• [WORKING DATA]
"""

(* Let $\mathcal{A}$ be the Weyl arrangement of type $A_3$, realized in $\mathbb{K}^3$ as the six hyperplanes $x=0$, $y=0$, $z=0$, $x=y$, $y=z$, $x=z$. Let $m$ be a multiplicity on $\mathcal{A}$ such that $(\mathcal{A},m)$ is unbalanced. Then the freeness of $(\mathcal{A},m)$ depends only on $L(\mathcal{A})$ together with the values $m(H)$, $H\in\mathcal{A}$. Precisely: let $(\mathcal{A}',m')$ be a multiarrangement in $\mathbb{K}^3$ and $\varphi:\mathcal{A}\to\mathcal{A}'$ a bijection such that $m'(\varphi(H))=m(H)$ for all $H$ and $\operatorname{codim}\bigcap_{H\in\mathcal{B}}H=\operatorname{codim}\bigcap_{H\in\mathcal{B}}\varphi(H)$ for every subset $\mathcal{B}\subseteq\mathcal{A}$. Then $(\mathcal{A},m)$ is free if and only if $(\mathcal{A}',m')$ is free.
   Context: Let $\mathbb{K}$ be a field. A multiarrangement $(\mathcal{A},m)$ in $V=\mathbb{K}^3$ is a finite set $\mathcal{A}$ of linear hyperplanes, each $H$ with a fixed defining linear form $\alpha_H$, together with a multiplicity $m:\mathcal{A}\to\mathbb{Z}_{>0}$; write $|m|=\sum_H m(H)$. $L(\mathcal{A})$ is the set of intersections of subsets of $\mathcal{A}$. $(\mathcal{A},m)$ is free if $D(\mathcal{A},m)=\{\theta\in\mathrm{Der}_{\mathbb{K}}(\mathbb{K}[x,y,z]):\theta(\alpha_H)\in\alpha_H^{m(H)}\mathbb{K}[x,y,z]\ \forall H\}$ is a free module. A hyperplane $H_0$ is heavy if $2m(H_0)\ge|m|$, and $(\mathcal{A},m)$ is unbalanced if it has a heavy hyperplane. *)

theory Defs
  imports "HOL-Computational_Algebra.Polynomial" "HOL-Library.Product_Plus"
begin

text \<open>Vectors of K^3 and linear forms on K^3 are both represented as triples.
  A linear form (a,b,c) stands for a x + b y + c z.\<close>

type_synonym 'k vec3 = "'k \<times> 'k \<times> 'k"

definition scale3 :: "'k::field \<Rightarrow> 'k vec3 \<Rightarrow> 'k vec3" where
  "scale3 c v = (c * fst v, c * fst (snd v), c * snd (snd v))"

definition hyp :: "'k::field vec3 \<Rightarrow> 'k vec3 set" where
  "hyp \<alpha> = {v. fst \<alpha> * fst v + fst (snd \<alpha>) * fst (snd v) + snd (snd \<alpha>) * snd (snd v) = 0}"

definition codim3 :: "'k::field vec3 set \<Rightarrow> nat" where
  "codim3 W = 3 - vector_space.dim scale3 W"

text \<open>S = K[x,y,z], realised as ((K[x])[y])[z].\<close>
type_synonym 'k S = "'k poly poly poly"

definition constS :: "'k::field \<Rightarrow> 'k S" where
  "constS a = [:[:[:a:]:]:]"

definition varX :: "'k::field S" where "varX = [:[:[:0, 1:]:]:]"
definition varY :: "'k::field S" where "varY = [:[:0, 1:]:]"
definition varZ :: "'k::field S" where "varZ = [:0, 1:]"

definition formS :: "'k::field vec3 \<Rightarrow> 'k S" where
  "formS \<alpha> = constS (fst \<alpha>) * varX + constS (fst (snd \<alpha>)) * varY + constS (snd (snd \<alpha>)) * varZ"

text \<open>A K-linear derivation of S is theta = f1 d/dx + f2 d/dy + f3 d/dz, identified with
  the triple (f1,f2,f3) in S^3 (Der_K(S) is the free S-module with basis d/dx, d/dy, d/dz).\<close>
type_synonym 'k der = "'k S \<times> 'k S \<times> 'k S"

definition scaleS :: "'k::field S \<Rightarrow> 'k der \<Rightarrow> 'k der" where
  "scaleS s \<theta> = (s * fst \<theta>, s * fst (snd \<theta>), s * snd (snd \<theta>))"

definition der_app :: "'k::field der \<Rightarrow> 'k vec3 \<Rightarrow> 'k S" where
  "der_app \<theta> \<alpha> = constS (fst \<alpha>) * fst \<theta> + constS (fst (snd \<alpha>)) * fst (snd \<theta>)
                  + constS (snd (snd \<alpha>)) * snd (snd \<theta>)"

text \<open>A central arrangement in K^3 is given by a finite set of defining forms (nonzero),
  distinct forms defining distinct hyperplanes. A multiplicity is a function to positive naturals.\<close>
definition multiarr :: "'k::field vec3 set \<Rightarrow> ('k vec3 \<Rightarrow> nat) \<Rightarrow> bool" where
  "multiarr A m \<longleftrightarrow> finite A \<and> (\<forall>\<alpha>\<in>A. \<alpha> \<noteq> 0 \<and> m \<alpha> > 0)
     \<and> (\<forall>\<alpha>\<in>A. \<forall>\<beta>\<in>A. hyp \<alpha> = hyp \<beta> \<longrightarrow> \<alpha> = \<beta>)"

definition total_mult :: "'k vec3 set \<Rightarrow> ('k vec3 \<Rightarrow> nat) \<Rightarrow> nat" where
  "total_mult A m = (\<Sum>\<alpha>\<in>A. m \<alpha>)"

definition unbalanced :: "'k vec3 set \<Rightarrow> ('k vec3 \<Rightarrow> nat) \<Rightarrow> bool" where
  "unbalanced A m \<longleftrightarrow> (\<exists>H0\<in>A. 2 * m H0 \<ge> total_mult A m)"

definition Dmod :: "'k::field vec3 set \<Rightarrow> ('k vec3 \<Rightarrow> nat) \<Rightarrow> 'k der set" where
  "Dmod A m = {\<theta>. \<forall>\<alpha>\<in>A. formS \<alpha> ^ m \<alpha> dvd der_app \<theta> \<alpha>}"

definition free_multiarr :: "'k::field vec3 set \<Rightarrow> ('k vec3 \<Rightarrow> nat) \<Rightarrow> bool" where
  "free_multiarr A m \<longleftrightarrow> (\<exists>B. B \<subseteq> Dmod A m \<and> \<not> module.dependent scaleS B
       \<and> module.span scaleS B = Dmod A m)"

definition weylA3 :: "'k::field vec3 set" where
  "weylA3 = {(1,0,0), (0,1,0), (0,0,1), (1,-1,0), (0,1,-1), (1,0,-1)}"

end

(*
  A multiarrangement with the intersection lattice of A_3 is, after rescaling its defining forms,
  the image of A_3 under an invertible linear map. Indeed, the lattice forces the images a1, a2, a3
  of x, y, z to be a basis, the images a4, a5, a6 of x - y, y - z, x - z to lie in the planes
  spanned by a1, a2 resp. a2, a3 resp. a1, a3, and a4, a5, a6 to be dependent; solving these
  conditions gives a basis b1, b2, b3 in which the six forms are multiples of
  b1, b2, b3, b1 - b2, b2 - b3, b1 - b3.

  The substitution x, y, z |-> b1, b2, b3 is a ring automorphism sigma of S, and composing with
  it gives a sigma-semilinear bijection of Der(S) carrying D(A_3, m) onto D(A', m'). Such a
  bijection maps bases to bases, so freeness is preserved.
*)

theory Submission
  imports Defs
begin

section \<open>Ring homomorphisms of \<open>S\<close>\<close>

definition is_ring_hom :: "('a::comm_ring_1 \<Rightarrow> 'b::comm_ring_1) \<Rightarrow> bool" where
  "is_ring_hom f \<longleftrightarrow> f 1 = 1 \<and> (\<forall>a b. f (a + b) = f a + f b) \<and> (\<forall>a b. f (a * b) = f a * f b)"

lemma is_ring_homD:
  assumes "is_ring_hom f"
  shows "f 1 = 1" "f (a + b) = f a + f b" "f (a * b) = f a * f b" "f 0 = 0" "f (- a) = - f a"
    "f (a - b) = f a - f b" "f (a ^ n) = f a ^ n"
proof -
  show add: "f (a + b) = f a + f b" for a b using assms by (simp add: is_ring_hom_def)
  show one: "f 1 = 1" and mult: "f (a * b) = f a * f b" for a b
    using assms by (simp_all add: is_ring_hom_def)
  show zero: "f 0 = 0" using add[of 0 0] by simp
  show uminus: "f (- a) = - f a" for a
    using add[of a "- a"] zero by (metis eq_neg_iff_add_eq_0 right_minus)
  show "f (a - b) = f a - f b" using add[of a "- b"] uminus[of b] by simp
  show "f (a ^ n) = f a ^ n" by (induct n) (simp_all add: one mult)
qed

lemma is_ring_hom_dvd: "is_ring_hom f \<Longrightarrow> a dvd b \<Longrightarrow> f a dvd f b"
  by (auto simp: dvd_def is_ring_homD)

lemma is_ring_hom_id: "is_ring_hom (\<lambda>x. x)"
  by (simp add: is_ring_hom_def)

lemma is_ring_hom_comp: "is_ring_hom f \<Longrightarrow> is_ring_hom g \<Longrightarrow> is_ring_hom (\<lambda>x. f (g x))"
  by (simp add: is_ring_hom_def)

lemma is_ring_hom_pCons_const: "is_ring_hom (\<lambda>a. [:a:])"
  by (simp add: is_ring_hom_def one_pCons)

lemma map_poly_add_hom: "is_ring_hom f \<Longrightarrow> map_poly f (p + q) = map_poly f p + map_poly f q"
  by (intro poly_eqI) (simp add: coeff_map_poly is_ring_homD)

lemma map_poly_mult_hom:
  assumes "is_ring_hom f"
  shows "map_poly f (p * q) = map_poly f p * map_poly f q"
proof (induct p)
  case (pCons a p)
  have "map_poly f (pCons a p * q) = map_poly f (smult a q + pCons 0 (p * q))"
    by (simp add: mult_pCons_left)
  also have "\<dots> = smult (f a) (map_poly f q) + pCons 0 (map_poly f p * map_poly f q)"
    using assms pCons by (simp add: map_poly_add_hom map_poly_smult map_poly_pCons is_ring_homD)
  also have "\<dots> = map_poly f (pCons a p) * map_poly f q"
    using assms by (simp add: map_poly_pCons is_ring_homD mult_pCons_left)
  finally show ?case .
qed simp

lemma is_ring_hom_poly_map_poly:
  assumes "is_ring_hom f"
  shows "is_ring_hom (\<lambda>p. poly (map_poly f p) x)"
  unfolding is_ring_hom_def
  using assms by (simp add: map_poly_add_hom map_poly_mult_hom is_ring_homD)

lemma is_ring_hom_constS: "is_ring_hom (constS :: 'k::field \<Rightarrow> 'k S)"
  unfolding constS_def
  by (intro is_ring_hom_comp[OF is_ring_hom_pCons_const] is_ring_hom_pCons_const)

lemmas constS_hom_simps[simp] = is_ring_homD[OF is_ring_hom_constS]

lemma is_ring_hom_dvd_iff:
  assumes "is_ring_hom \<sigma>" "is_ring_hom \<tau>" "\<And>x. \<tau> (\<sigma> x) = x"
  shows "\<sigma> a dvd \<sigma> b \<longleftrightarrow> a dvd b"
  by (metis assms is_ring_hom_dvd)

lemma is_unit_constS: "c \<noteq> 0 \<Longrightarrow> is_unit (constS c)"
  by (metis constS_hom_simps(1,3) right_inverse dvdI)
lemma short_word:
  fixes x y a b Z :: int and z :: real
  assumes "\<bar>x\<bar> \<le> a" "\<bar>y\<bar> \<le> b" "0 \<le> z"
    and Z: "real_of_int Z = z + real_of_int \<bar>x\<bar> * real_of_int \<bar>y\<bar> / 2" and "Z \<le> a * b"
  shows "\<exists>ws. spells ws (of_int x, of_int y, z) \<and> int (length ws) \<le> 2 * a + 2 * b - \<bar>x\<bar> - \<bar>y\<bar>"
proof -
  have Z': "real_of_int Z = z + real_of_int \<bar>y\<bar> * real_of_int \<bar>x\<bar> / 2"
    using Z by (simp add: mult.commute)
  have "Z \<le> b * a" using \<open>Z \<le> a * b\<close> by (simp add: mult.commute)
  have word: "\<exists>ws. spells ws (of_int u, of_int v, z) \<and> int (length ws) \<le> 2 * a + 2 * b - \<bar>x\<bar> - \<bar>y\<bar>"
    if "(u = \<bar>x\<bar> \<and> v = \<bar>y\<bar>) \<or> (u = \<bar>y\<bar> \<and> v = \<bar>x\<bar>)" for u v
    using that
  proof
    assume "u = \<bar>x\<bar> \<and> v = \<bar>y\<bar>"
    then show ?thesis
      using short_word_first_quadrant[of "\<bar>x\<bar>" "\<bar>y\<bar>" a b z Z] assms by simp
  next
    assume "u = \<bar>y\<bar> \<and> v = \<bar>x\<bar>"
    then show ?thesis
      using short_word_first_quadrant[of "\<bar>y\<bar>" "\<bar>x\<bar>" b a z Z] assms Z' \<open>Z \<le> b * a\<close>
      by (simp add: algebra_simps)
  qed
  consider "0 \<le> x" "0 \<le> y" | "x < 0" "0 \<le> y" | "x < 0" "y < 0" | "0 \<le> x" "y < 0"
    by linarith
  then show ?thesis
  proof cases
    case 1
    then show ?thesis using word[of x y] by simp
  next
    case 2
    then show ?thesis using short_word_quarter_turn[OF word[of y "- x"]] by simp
  next
    case 3
    then show ?thesis
      using short_word_quarter_turn[OF short_word_quarter_turn[OF word[of "- x" "- y"]]] by simp
  next
    case 4
    then show ?thesis
      using short_word_quarter_turn[OF short_word_quarter_turn[OF short_word_quarter_turn[
          OF word[of "- y" x]]]] by simp
  qed
qed

lemma eps_area_Ints:
  fixes x y :: int and z :: real
  assumes "z - eps x y \<in> \<int>"
  shows "z + real_of_int \<bar>x\<bar> * real_of_int \<bar>y\<bar> / 2 \<in> \<int>"
proof -
  have "eps x y + real_of_int \<bar>x * y\<bar> / 2 \<in> \<int>"
  proof (cases "odd x \<and> odd y")
    case True
    then have "odd \<bar>x * y\<bar>" by simp
    then obtain t where "\<bar>x * y\<bar> = 2 * t + 1" by (rule oddE)
    then have "eps x y + real_of_int \<bar>x * y\<bar> / 2 = of_int (t + 1)"
      using True by (simp add: eps_def field_simps)
    then show ?thesis by simp
  next
    case False
    then have "even \<bar>x * y\<bar>" by auto
    then obtain t where "\<bar>x * y\<bar> = 2 * t" by (rule evenE)
    then have "eps x y + real_of_int \<bar>x * y\<bar> / 2 = of_int t"
      using False by (simp add: eps_def)
    then show ?thesis by simp
  qed
  from Ints_add[OF assms this] show ?thesis by (simp add: abs_mult)
qed

lemma exists_spelling:
  fixes x y :: int and z :: real
  assumes "0 \<le> z" "z - eps x y \<in> \<int>"
  shows "\<exists>ws. spells ws (of_int x, of_int y, z)"
proof -
  obtain Z :: int where Z: "real_of_int Z = z + real_of_int \<bar>x\<bar> * real_of_int \<bar>y\<bar> / 2"
    using eps_area_Ints[OF assms(2)] by (metis Ints_cases)
  have "0 \<le> real_of_int \<bar>x\<bar> * real_of_int \<bar>y\<bar>" by simp
  then have "0 \<le> Z" using Z \<open>0 \<le> z\<close> by linarith
  then have "Z \<le> (\<bar>x\<bar> + Z) * (\<bar>y\<bar> + 1)" by (simp add: algebra_simps mult_nonneg_nonneg)
  then show ?thesis using short_word[of x "\<bar>x\<bar> + Z" y "\<bar>y\<bar> + 1" z Z] assms Z \<open>0 \<le> Z\<close> by auto
qed

section \<open>Admissible curves\<close>

lemma has_integral_double_speed:
  fixes f :: "real \<Rightarrow> real"
  assumes "f integrable_on {0..1}" "0 \<le> 2 * t - c" "2 * t - c \<le> 1"
  shows "((\<lambda>s. 2 * f (2 * s - c)) has_integral integral {0..2 * t - c} f) {c / 2..t}"
proof -
  have "f integrable_on {0..2 * t - c}"
    by (rule integrable_subinterval_real[OF assms(1)]) (use assms in auto)
  then have "(f has_integral integral {0..2 * t - c} f) (cbox 0 (2 * t - c))" by auto
  from has_integral_affinity'[OF this, of 2 "- c"]
  have "((\<lambda>s. f (2 * s - c)) has_integral integral {0..2 * t - c} f / 2) {c / 2..t}"
    by (simp add: field_simps)
  from has_integral_mult_right[OF this, of 2] show ?thesis by simp
qed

"""

• [WHAT TO DO]
Scan the entries for the word "from". Report each line that has it.

• [TASK RESULT]
  from Ints_add[OF assms this] show ?thesis by (simp add: abs_mult)
  from has_integral_affinity'[OF this, of 2 "- c"]
  from has_integral_mult_right[OF this, of 2] show ?thesis by simp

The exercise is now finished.